L’importance du sens du travail

Membre de la direction du cabinet suisse de recrutement Vicario Consulting SA (implanté entre autres à Genève et à Lausanne), Stéphane Haefliger abonde: «La place économique suisse offre toujours de réelles opportunités professionnelles avec des conditions-cadres exceptionnelles. Dans ce sens, elle reste très attractive et continue à attirer de nombreux talents, notamment par les possibilités d’évolution qu’elle offre.» La différence de salaire entre la Suisse et la France est-elle un argument massue en faveur des entreprises romandes? «L’argent est rarement un facteur de motivation suffisant», assure-t-il. Pour le spécialiste des ressources humaines, le projet de vie du travailleur frontalier et le sens qu’il trouve à son travail comptent davantage: «Pour ceux qui considèrent leur emploi en Suisse comme une planche de salut et un projet d’émancipation, il me semble évident qu’ils reviendront œuvrer en présentiel avec une motivation renforcée.
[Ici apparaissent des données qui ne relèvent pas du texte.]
theorem pd_commute:
  fixes f :: "real^4 \<Rightarrow> real"
  assumes U: "open U" "x \<in> U"
    and d: "\<forall>y\<in>U. f differentiable (at y) \<and> pd i f differentiable (at y) \<and> pd j f differentiable (at y)"
    and c: "isCont (pd j (pd i f)) x" "isCont (pd i (pd j f)) x"
  shows "pd j (pd i f) x = pd i (pd j f) x"
proof (rule isCont_eq_if_coincide_nearby[OF c])
  fix d :: real assume "d > 0"
  obtain r where r: "r > 0" "ball x r \<subseteq> U" using U open_contains_ball by blast
  define t where "t = min r d / 4"
  have t: "0 < t" "2*t < r" "2*t < d" using r \<open>d > 0\<close> by (auto simp: t_def)
  obtain a b where ab: "0<a" "a<t" "0<b" "b<t"
    "f (x + t *\<^sub>R axis i 1 + t *\<^sub>R axis j 1) - f (x + t *\<^sub>R axis i 1) - f (x + t *\<^sub>R axis j 1) + f x
     = t*t*pd j (pd i f) (x + a *\<^sub>R axis i 1 + b *\<^sub>R axis j 1)"
    using second_difference_mean_value[OF r(2) t(1,2), of f i j] d by blast
  obtain a' b' where ab': "0<a'" "a'<t" "0<b'" "b'<t"
    "f (x + t *\<^sub>R axis j 1 + t *\<^sub>R axis i 1) - f (x + t *\<^sub>R axis j 1) - f (x + t *\<^sub>R axis i 1) + f x
     = t*t*pd i (pd j f) (x + a' *\<^sub>R axis j 1 + b' *\<^sub>R axis i 1)"
    using second_difference_mean_value[OF r(2) t(1,2), of f j i] d by blast
  have "t*t*pd j (pd i f) (x + a *\<^sub>R axis i 1 + b *\<^sub>R axis j 1)
      = t*t*pd i (pd j f) (x + a' *\<^sub>R axis j 1 + b' *\<^sub>R axis i 1)"
    using ab(5) ab'(5) by (simp add: algebra_simps)
  then have "pd j (pd i f) (x + a *\<^sub>R axis i 1 + b *\<^sub>R axis j 1)
      = pd i (pd j f) (x + a' *\<^sub>R axis j 1 + b' *\<^sub>R axis i 1)"
    using t(1) by simp
  moreover have "x + a *\<^sub>R axis i 1 + b *\<^sub>R axis j 1 \<in> ball x d"
    "x + a' *\<^sub>R axis j 1 + b' *\<^sub>R axis i 1 \<in> ball x d"
    using axis_steps_in_ball[of _ t _ d x] ab ab' t by simp_all
  ultimately show "\<exists>y z. dist y x < d \<and> dist z x < d \<and> pd j (pd i f) y = pd i (pd j f) z"
    by (metis dist_commute mem_ball)
qed

lemma smooth_on_differentiable:
  assumes "open U" "smooth_on U f" "y \<in> U"
  shows "f differentiable (at y)" "pd a f differentiable (at y)"
    "pd b (pd a f) differentiable (at y)"
proof -
  have "\<And>is. fold pd is f differentiable (at y)"
    using assms differentiable_on_eq_differentiable_at unfolding smooth_on_def by blast
  from this[of "[]"] this[of "[a]"] this[of "[a, b]"] show
    "f differentiable (at y)" "pd a f differentiable (at y)" "pd b (pd a f) differentiable (at y)"
    by simp_all
qed

lemma smooth_on_sig2_commute:
  assumes "open U" "smooth_on U \<sigma>" "x \<in> U"
  shows "sig2 \<sigma> a b x = sig2 \<sigma> b a x"
  unfolding sig2_def
  using assms smooth_on_differentiable[OF assms(1,2)]
  by (intro pd_commute[of U] differentiable_imp_continuous_within) auto

section \<open>The metric of the Hamiltonian\<close>

lemma Pprod_component_nonzero: "Pprod q \<noteq> 0 \<Longrightarrow> q$j \<noteq> 0"
  using exhaust_4[of j] by (elim disjE) (auto simp: Pprod_def)

definition Pprod_omit :: "4 \<Rightarrow> real^4 \<Rightarrow> real" where
  "Pprod_omit j q = Pprod (q + (1 - q$j) *\<^sub>R axis j 1)"

lemma Pprod_along_axis: "Pprod (q + s *\<^sub>R axis j 1) = (q$j + s) * Pprod_omit j q"
  unfolding Pprod_omit_def using exhaust_4[of j]
  by (elim disjE) (simp_all add: Pprod_def axis_def algebra_simps)

lemma Pprod_omit_eq: "q$j \<noteq> 0 \<Longrightarrow> Pprod_omit j q = Pprod q / q$j"
  using Pprod_along_axis[of q 0 j] by simp

lemma sqrt_Pprod_has_real_derivative_along_axis:
  assumes "Pprod q > 0"
  shows "DERIV (\<lambda>s. sqrt (Pprod (q + s *\<^sub>R axis j 1))) 0
    :> inverse (sqrt (Pprod q)) / 2 * Pprod_omit j q"
proof -
  have "DERIV (\<lambda>s. Pprod (q + s *\<^sub>R axis j 1)) 0 :> Pprod_omit j q"
    unfolding Pprod_along_axis by (auto intro!: derivative_eq_intros)
  moreover have "DERIV sqrt (Pprod (q + 0 *\<^sub>R axis j 1)) :> inverse (sqrt (Pprod q)) / 2"
    using DERIV_real_sqrt[OF assms] by simp
  ultimately show ?thesis by (rule DERIV_chain2[rotated])
qed

lemma dP_Hstar:
  assumes "Pprod q > 0"
  shows "dP j (Hstar \<sigma> h11 t) x q = (4 * exp (-2 * \<sigma> x) * h11 t) * sqrt (Pprod q) / (2 * q$j)"
proof -
  define C where "C = 4 * exp (-2 * \<sigma> x) * h11 t"
  have qj: "q$j \<noteq> 0" using Pprod_component_nonzero assms by force
  have "dP j (Hstar \<sigma> h11 t) x q = C * (inverse (sqrt (Pprod q)) / 2 * Pprod_omit j q)"
    unfolding dP_def Hstar_def C_def[symmetric]
    by (intro DERIV_imp_deriv DERIV_cmult sqrt_Pprod_has_real_derivative_along_axis assms)
  also have "\<dots> = C * sqrt (Pprod q) / (2 * q$j)"
  proof -
    have P: "Pprod q = sqrt (Pprod q) * sqrt (Pprod q)" and "sqrt (Pprod q) > 0"
      using assms by simp_all
    then show ?thesis unfolding Pprod_omit_eq[OF qj] by (subst P) (use qj in \<open>simp add: field_simps\<close>)
  qed
  finally show ?thesis by (simp add: C_def)
qed

lemma dP_dP_Hstar:
  assumes P: "Pprod p > 0"
  shows "dP i (dP j (Hstar \<sigma> h11 t)) x p
     = (4 * exp (-2 * \<sigma> x) * h11 t) * sqrt (Pprod p) * (1 - 2 * kd i j) / (4 * (p$i * p$j))"
proof -
  define C where "C = 4 * exp (-2 * \<sigma> x) * h11 t"
  define G where "G s = C * sqrt (Pprod (p + s *\<^sub>R axis i 1)) / (2 * (p + s *\<^sub>R axis i 1)$j)" for s
  define G' where "G' = ((C * (inverse (sqrt (Pprod p)) / 2 * Pprod_omit i p)) * (2 * p$j)
      - C * sqrt (Pprod p) * (2 * kd i j)) / ((2 * p$j) * (2 * p$j))"
  have pi: "p$i \<noteq> 0" and pj: "p$j \<noteq> 0" using Pprod_component_nonzero P by force+
  have "open {s::real. 0 < Pprod (p + s *\<^sub>R axis i 1)}"
    unfolding Pprod_along_axis by (intro open_Collect_less continuous_intros)
  then have "eventually (\<lambda>s. 0 < Pprod (p + s *\<^sub>R axis i 1)) (nhds 0)"
    using eventually_nhds_in_open[of _ 0] P by fastforce
  then have near: "eventually (\<lambda>s. dP j (Hstar \<sigma> h11 t) x (p + s *\<^sub>R axis i 1) = G s) (nhds 0)"
    by (rule eventually_mono) (simp add: dP_Hstar G_def C_def)
  have "DERIV G 0 :> G'"
    unfolding G_def G'_def
    using DERIV_divide[OF DERIV_cmult[OF sqrt_Pprod_has_real_derivative_along_axis[OF P, of i], of C]
        DERIV_cmult[OF component_along_axis_has_real_derivative[of p i j 0], of 2]] pj
    by simp
  then have "DERIV (\<lambda>s. dP j (Hstar \<sigma> h11 t) x (p + s *\<^sub>R axis i 1)) 0 :> G'"
    using DERIV_cong_ev[OF refl near refl] by blast
  then have "dP i (dP j (Hstar \<sigma> h11 t)) x p = G'"
    unfolding dP_def[of i] by (rule DERIV_imp_deriv)
  also have "\<dots> = C * sqrt (Pprod p) * (1 - 2 * kd i j) / (4 * (p$i * p$j))"
  proof -
    have P': "Pprod p = sqrt (Pprod p) * sqrt (Pprod p)" and "sqrt (Pprod p) > 0"
      using P by simp_all
    then show ?thesis unfolding G'_def Pprod_omit_eq[OF pi] kd_def
      by (subst P') (use pi pj in \<open>auto simp add: field_simps\<close>)
  qed
  finally show ?thesis by (simp add: C_def)
qed

lemma gUp_eq:
  assumes "h11 t > 0" "Pprod p > 0"
  shows "gUp \<sigma> h11 t x p $ i $ j
    = exp (-2 * \<sigma> x) * sqrt (Pprod p) * (1 - 2 * kd i j) / (2 * (p$i * p$j))"
proof -
  have "p$i \<noteq> 0" "p$j \<noteq> 0" using Pprod_component_nonzero assms(2) by force+
  then show ?thesis using assms by (simp add: gUp_def dP_dP_Hstar field_simps)
qed

lemma matrix_inv_eq:
  fixes A B :: "'a::semiring_1^'n^'n"
  assumes "A ** B = mat 1" "B ** A = mat 1"
  shows "matrix_inv A = B"
  unfolding matrix_inv_def
proof (rule some_equality)
  show "A ** B = mat 1 \<and> B ** A = mat 1" using assms by blast
next
  fix B' assume B': "A ** B' = mat 1 \<and> B' ** A = mat 1"
  have "B' = B' ** (A ** B)" using assms by (simp add: matrix_mul_rid)
  also have "\<dots> = (B' ** A) ** B" by (simp add: matrix_mul_assoc)
  also have "\<dots> = B" using B' by (simp add: matrix_mul_lid)
  finally show "B' = B" .
qed

lemma gDown_eq:
  assumes "h11 t > 0" "Pprod p > 0"
  shows "gDown \<sigma> h11 t x p $ i $ j
    = p$i * p$j * (1 - 2 * kd i j) / (2 * exp (-2 * \<sigma> x) * sqrt (Pprod p))"
proof -
  define e where "e = exp (-2 * \<sigma> x)"
  define sq where "sq = sqrt (Pprod p)"
  have e: "e > 0" and sq: "sq > 0" using assms by (auto simp: e_def sq_def)
  have nz: "p$1 \<noteq> 0" "p$2 \<noteq> 0" "p$3 \<noteq> 0" "p$4 \<noteq> 0"
    using Pprod_component_nonzero assms(2) by force+
  define A :: "real^4^4" where "A = (\<chi> i j. e * sq * (1 - 2 * kd i j) / (2 * (p$i * p$j)))"
  define B :: "real^4^4" where "B = (\<chi> i j. p$i * p$j * (1 - 2 * kd i j) / (2 * e * sq))"
  have "gUp \<sigma> h11 t x p = A"
    unfolding A_def vec_eq_iff using gUp_eq[of h11 t p, OF assms] by (simp add: e_def sq_def)
  moreover have "A ** B = mat 1" "B ** A = mat 1"
    unfolding A_def B_def matrix_matrix_mult_def mat_def vec_eq_iff forall_4
    using e sq nz by (simp_all add: sum_4 kd_def field_simps)
  ultimately have "gDown \<sigma> h11 t x p = B" unfolding gDown_def by (simp add: matrix_inv_eq)
  then show ?thesis by (simp add: B_def e_def sq_def)
qed

section \<open>Curvature tensors\<close>

lemma sig1_has_real_derivative_along_axis:
  assumes "pd a \<sigma> differentiable (at x)"
  shows "((\<lambda>s. sig1 \<sigma> a (x + s *\<^sub>R axis m 1)) has_real_derivative sig2 \<sigma> a m x) (at 0)"
  using pd_has_real_derivative_along_axis[of "pd a \<sigma>" x 0 m] assms by (simp add: sig1_def sig2_def)

lemma deltaX_Hc:
  assumes "pd a \<sigma> differentiable (at x)"
  shows "deltaX \<sigma> m (Hc \<sigma> a b c) x p = 4 * kd a b * kd a c * sig2 \<sigma> a m x"
proof -
  have "dX m (Hc \<sigma> a b c) x p = 4 * kd a b * kd a c * sig2 \<sigma> a m x"
    unfolding dX_def Hc_def
    by (intro DERIV_imp_deriv DERIV_cmult sig1_has_real_derivative_along_axis assms)
  moreover have "dP m (Hc \<sigma> a b c) x p = 0" by (simp add: dP_def Hc_def)
  ultimately show ?thesis by (simp add: deltaX_def)
qed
A contrario, pour ceux qui trouvent moins de sens dans les efforts qu’ils consentent, alors il se peut qu’ils choisissent de revisiter leur choix. Et du coup de renoncer.» Stéphane Haefliger ajoute: «Le Covid-19 a permis aux uns et aux autres de reconsidérer leurs choix professionnels. D’autant plus que la nouvelle génération est davantage sensible à la qualité du management, à la place du travail dans son existence, mais aussi aux trajets longs et polluants. À partir de ce constat, ceux qui occupent des bullshit jobs (ndlr: littéralement «jobs de merde» en anglais; emplois dénués de sens) strictement alimentaires risquent de déserter. Ce sera aux entreprises de les convaincre de se réengager. À elles aussi de réinsuffler du sens, notamment en enrichissant les tâches et en offrant des perspectives d’évolution, par exemple en termes de formation.»